Here are some useful hints, given that I think this is a homework question you're asking about. Use d'Alembert's formula for the solution for $u(x,t)$, which gives
$$ u(x,t) = \frac{1}{2}\left[g(x+t) + g(x-t)\right] + \frac{1}{2} \int_{x-t}^{x+t} h(y) \, dy$$
Now calculate $u_t$ and $u_x$ from this, plug those into your expressions for $k(t)$ and $p(t)$, and try calculating $k(t) - p(t)$ for large time $t$. Remember that you're given that $g,h$ are compactly supported functions, so somewhere down the line you're going to be using this information.
(a) We define$$
e(t)\equiv k(t)+p(t)=\frac12\int_{-\infty}^\infty \left( u_t^2+u_x^2\right)\,dx.
$$
Since $g,h$ have compact supports, we have that\begin{align*}
\frac{d}{dt}e(t)&=\frac12\int_{-\infty}^\infty 2u_tu_{tt}+2u_xu_{xt}\,dx\\
&=\int_{-\infty}^\infty u_tu_{tt}\,dx-\int_{-\infty}^\infty u_{xx}u_t\,dx\\
&=\int_{-\infty}^\infty u_t(u_{tt}-u_{xx})\,dx=0.
\end{align*}
Hence, $e(t)\equiv e(0)$ and so $k(t)+p(t)$ is constant in $t$.
(b) By d'Alembert's formula, we have$$
u(x,t)\frac12 (g(x+t)+g(x-t))+\frac12 \int_{x-t}^{x+t} h(y)\,dy.
$$
Thus\begin{align*}
u_t&=\frac12 (g'(x+t)-g'(x-t))+\frac12(h(x+t)+h(x-t)),\\
u_x&=\frac12 (g'(x+t)+g'(x-t))+\frac12(h(x+t)-h(x-t))
\end{align*}
We assume that there exists a positive constant $M$ so that $[-M,M]\supseteq supp(g')$ and $[-M,M]\supseteq supp(h)$. Note that for a fixed $t>M$,$$
-M\leq x-t\leq M\Leftrightarrow 0<t-M\leq x\leq t+M$$and $$-M\leq x+t \leq M\Leftrightarrow -t-M\leq x\leq -t+M<0.$$
Thus, when $t>M$,
$\,\,\,\,\,$(i) $0<t-M\leq x\leq t+M$. Then,$$
h(x+t)=g(x+t)=0
$$and so$$
u_t^2=\frac14 g'(x-t)^2+\frac14 h(x-t)^2-\frac12 g'(x-t)h(x-t)=u_x^2.
$$
$\,\,\,\,\,$(ii) $-t-M\leq x\leq -t+M<0$. Then,$$
u_t^2=\frac14 g'(x+t)^2+\frac14 h(x+t)^2+\frac12 g'(x+t)h(x+t)=u_x^2.
$$
$\,\,\,\,\,$(iii) Otherwise,$$
g'(x+t)=g'(x-t)=h(x+t)=h(x-t)=0.
$$
Hence, combining all the cases, it follows that, when $t>M$, $k(t)=p(t)$.
Best Answer
Define $E_k(t) \equiv \frac{1}{2}\int_{\mathbb{R}}u_t^2(x,t){\rm d}x$ and $E_p(t) \equiv \frac{1}{2}\int_{\mathbb{R}}c^2u_x^2(x,t){\rm d}x$. Then taking the derivative and using integration by parts we get $$\frac{d}{dt}(E_k(t) + E_p(t)) = \int_{\mathbb{R}}u_t[u_{tt} - c^2u_{xx}]{\rm d}x = 0$$ so the total energy is conserved.

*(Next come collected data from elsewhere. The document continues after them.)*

theorem lemma8p2:
  fixes nf :: "tm \<Rightarrow> tm" and \<Gamma> :: "tm set set" and A :: "tm set"
  assumes "normop nf" and "acc nf \<Gamma>" and "A \<in> \<Gamma>"
  shows "(\<exists>E. evident nf E \<and> A \<subseteq> E) \<and>
         (complete_acc nf \<Gamma> \<longrightarrow> (\<exists>E. evident nf E \<and> complete_branch nf E \<and> A \<subseteq> E))"
proof -
  obtain E where "A \<subseteq> E" "E \<subseteq> \<Union>\<Gamma>" and sat: "saturated \<Gamma> (alternatives nf) E"
    using saturated_extension[OF assms(3)] by blast
  moreover have "evident nf E"
    using saturated_imp_evident[OF assms(2) \<open>E \<subseteq> \<Union>\<Gamma>\<close> sat] .
  moreover have "complete_acc nf \<Gamma> \<longrightarrow> complete_branch nf E"
    using saturated_imp_complete_branch[OF _ sat] by blast
  ultimately show ?thesis
    by blast
qed

end
lemma flip_at_cong: "(\<And>i. i < length y \<Longrightarrow> s i = s' i) \<Longrightarrow> flip_at s y = flip_at s' y"
  by (simp add: flip_at_def)

lemma restrict_str_flip_at:
  assumes "length a = length b" "set a \<subseteq> {..<length x}"
  shows "restrict_str (flip_at s x) (a, b) = flip_at (\<lambda>j. s (a ! j)) (restrict_str x (a, b))"
proof (rule nth_equalityI)
  fix j assume "j < length (restrict_str (flip_at s x) (a, b))"
  then have j: "j < length a" using assms by (simp add: restrict_str_def)
  then have "a ! j < length x" using assms nth_mem by blast
  then show "restrict_str (flip_at s x) (a, b) ! j = flip_at (\<lambda>j. s (a ! j)) (restrict_str x (a, b)) ! j"
    using assms j by (simp add: restrict_str_def flip_at_def)
qed (use assms in \<open>simp add: restrict_str_def flip_at_def\<close>)

text \<open>Distinctness of the indices is what makes the flips seen by the constraint independent.\<close>

lemma map_restrict_str_flip_pmf:
  assumes v: "valid_constraint k n c" and x: "length x = n"
  shows "map_pmf (\<lambda>z. restrict_str z c) (flip_pmf p x) = flip_pmf p (restrict_str x c)"
proof -
  obtain a b where c: "c = (a, b)" by (cases c)
  have la: "length a = k" and lb: "length b = k" and da: "distinct a" and sa: "set a \<subseteq> {..<n}"
    using v c unfolding valid_constraint_def by auto
  define h where "h j = (if j < k then a ! j else n + j)" for j
  have "bij_betw ((!) a) {..<k} (set a)" using bij_betw_nth[OF da] la by auto
  then have "bij_betw h {..<k} (set a)" by (rule bij_betw_cong[THEN iffD1, rotated]) (auto simp: h_def)
  moreover have "h j \<notin> set a" if "j \<notin> {..<k}" for j using that sa by (auto simp: h_def)
  ultimately have "Pi_pmf {..<k} False (\<lambda>_. bernoulli_pmf p) =
      map_pmf (\<lambda>g. g \<circ> h) (Pi_pmf (set a) False (\<lambda>_. bernoulli_pmf p))"
    by (intro Pi_pmf_bij_betw) auto
  also have "Pi_pmf (set a) False (\<lambda>_. bernoulli_pmf p) =
      map_pmf (\<lambda>s i. if i \<in> set a then s i else False) (Pi_pmf {..<n} False (\<lambda>_. bernoulli_pmf p))"
    using sa by (intro Pi_pmf_subset) auto
  finally have coins: "Pi_pmf {..<k} False (\<lambda>_. bernoulli_pmf p) =
      map_pmf (\<lambda>s. (\<lambda>i. if i \<in> set a then s i else False) \<circ> h) (Pi_pmf {..<n} False (\<lambda>_. bernoulli_pmf p))"
    by (simp add: pmf.map_comp o_def)
  have "flip_at (\<lambda>j. s (a ! j)) (restrict_str x c) =
      flip_at ((\<lambda>i. if i \<in> set a then s i else False) \<circ> h) (restrict_str x c)" for s
    using la lb c by (intro flip_at_cong) (auto simp: h_def restrict_str_def)
  moreover have "restrict_str (flip_at s x) c = flip_at (\<lambda>j. s (a ! j)) (restrict_str x c)" for s
    using la lb sa x c by (simp add: restrict_str_flip_at)
  ultimately show ?thesis
    using la lb c x by (simp add: flip_pmf_eq_map_Pi_pmf coins pmf.map_comp o_def restrict_str_def)
qed

lemma set_pmf_noisy_cube: "set_pmf \<mu> \<subseteq> cube k \<Longrightarrow> set_pmf (noisy \<mu> p) \<subseteq> cube k"
  unfolding noisy_def using set_flip_pmf_cube by (fastforce simp: set_bind_pmf)

lemma expectation_noisy:
  fixes Q :: "int list \<Rightarrow> real"
  assumes "finite (set_pmf \<mu>)"
  shows "measure_pmf.expectation (noisy \<mu> p) Q =
    measure_pmf.expectation \<mu> (\<lambda>y. measure_pmf.expectation (flip_pmf p y) Q)"
  unfolding noisy_def using assms by (rule expectation_bind_pmf_finite[OF _ finite_set_flip_pmf])

lemma expectation_noisy_le_Opt:
  assumes "set_pmf \<mu> \<subseteq> cube k" "p \<in> {0..1}"
  shows "measure_pmf.expectation (noisy \<mu> p) Q \<le> Opt Q \<mu>"
  unfolding Opt_def
proof (rule cSUP_upper[OF assms(2)])
  show "bdd_above ((\<lambda>p. measure_pmf.expectation (noisy \<mu> p) Q) ` {0..1})"
    using abs_expectation_le_cube_abs_sum[OF set_pmf_noisy_cube[OF assms(1)], of _ Q]
    by (intro bdd_aboveI[of _ "cube_abs_sum k Q"]) (auto simp: abs_le_iff)
qed

lemma Opt_le:
  assumes "\<And>p. p \<in> {0..1} \<Longrightarrow> measure_pmf.expectation (noisy \<mu> p) Q \<le> C"
  shows "Opt Q \<mu> \<le> C"
  unfolding Opt_def by (rule cSUP_least) (use assms in auto)

lemma E_unif_le_Opt:
  assumes "set_pmf \<mu> \<subseteq> cube k"
  shows "E_unif k Q \<le> Opt Q \<mu>"
proof -
  have "measure_pmf.expectation (noisy \<mu> (1/2)) Q =
      (\<Sum>y\<in>cube k. pmf \<mu> y * measure_pmf.expectation (flip_pmf (1/2) y) Q)"
    using finite_subset[OF assms finite_cube]
    by (simp add: expectation_noisy expectation_pmf_finite_support[OF finite_cube assms])
  also have "\<dots> = (\<Sum>y\<in>cube k. pmf \<mu> y * E_unif k Q)"
    by (intro sum.cong refl) (simp add: expectation_flip_pmf_half)
  also have "\<dots> = E_unif k Q"
    by (simp add: sum_distrib_right[symmetric] sum_pmf_eq_1[OF finite_cube assms])
  finally show ?thesis using expectation_noisy_le_Opt[OF assms, of "1/2" Q] by simp
qed

lemma inst_value_le_inst_opt: "z \<in> cube n \<Longrightarrow> inst_value F I z \<le> inst_opt n F I"
  unfolding inst_opt_def by (rule Max_ge) (auto simp: finite_cube)

lemma inst_opt_attained: "\<exists>z\<in>cube n. inst_value F I z = inst_opt n F I"
proof -
  have "cube n \<noteq> {}" using replicate_one_in_cube by blast
  then have "inst_opt n F I \<in> inst_value F I ` cube n"
    unfolding inst_opt_def by (intro Max_in) (auto simp: finite_cube)
  then show ?thesis by auto
qed

lemma inst_opt_le: "(\<And>z. z \<in> cube n \<Longrightarrow> inst_value F I z \<le> C) \<Longrightarrow> inst_opt n F I \<le> C"
proof -
  assume "\<And>z. z \<in> cube n \<Longrightarrow> inst_value F I z \<le> C"
  moreover obtain z where "z \<in> cube n" "inst_value F I z = inst_opt n F I"
    using inst_opt_attained by blast
  ultimately show ?thesis by force
qed

section \<open>A useless predicate yields a noise-stable distribution\<close>

definition restriction_pmf :: "int list \<Rightarrow> (nat list \<times> int list) list \<Rightarrow> int list pmf" where
  "restriction_pmf x I = map_pmf (\<lambda>j. restrict_str x (I ! j)) (pmf_of_set {..<length I})"

lemma set_restriction_pmf:
  "I \<noteq> [] \<Longrightarrow> set_pmf (restriction_pmf x I) = (\<lambda>c. restrict_str x c) ` set I"
proof -
  assume "I \<noteq> []"
  moreover have "set I = (!) I ` {..<length I}"
    using nth_image[of "length I" I] by (simp add: atLeast0LessThan)
  ultimately show ?thesis by (simp add: restriction_pmf_def lessThan_empty_iff image_image)
qed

To show that $E_p(t) = E_k(t)$ for large $t$ we need an expression for the solution. This is given by d'Alemberts formula
$$u(x,t) = \frac{\phi(x+ct) + \phi(x-ct)}{2} + \frac{1}{2c}\int_{x-ct}^{x+ct}\psi(s){\rm d}s$$
from which you can compute $u_t$, $u_x$ and derive
$$E_k(t) - E_p(t) = \frac{1}{2}\int_{\mathbb{R}}[\psi(x+ct)+c\phi'(x+ct)][\psi(x-ct)-c\phi'(x-ct)]{\rm d}x$$
To make the algebra above simpler note that $u_t^2 - c^2u_x^2 = (u_t - cu_x)(u_t+cu_x)$. Now since $\phi$ and $\psi$ has compact support then there is a $M>0$ such that $\phi'(x) = \psi(x) = 0$ for all $|x| > M$. Now if $ct > \frac{M}{2}$ then either $|x-ct| > M$ or $|x+ct|>M$ for all $x$ so the integrand above is identical to zero and $E_p = E_k$ follows. Finally since we know that $E_k + E_p$ is constant it follows that $E_p$ and $E_k$ has to be constant for large $t$.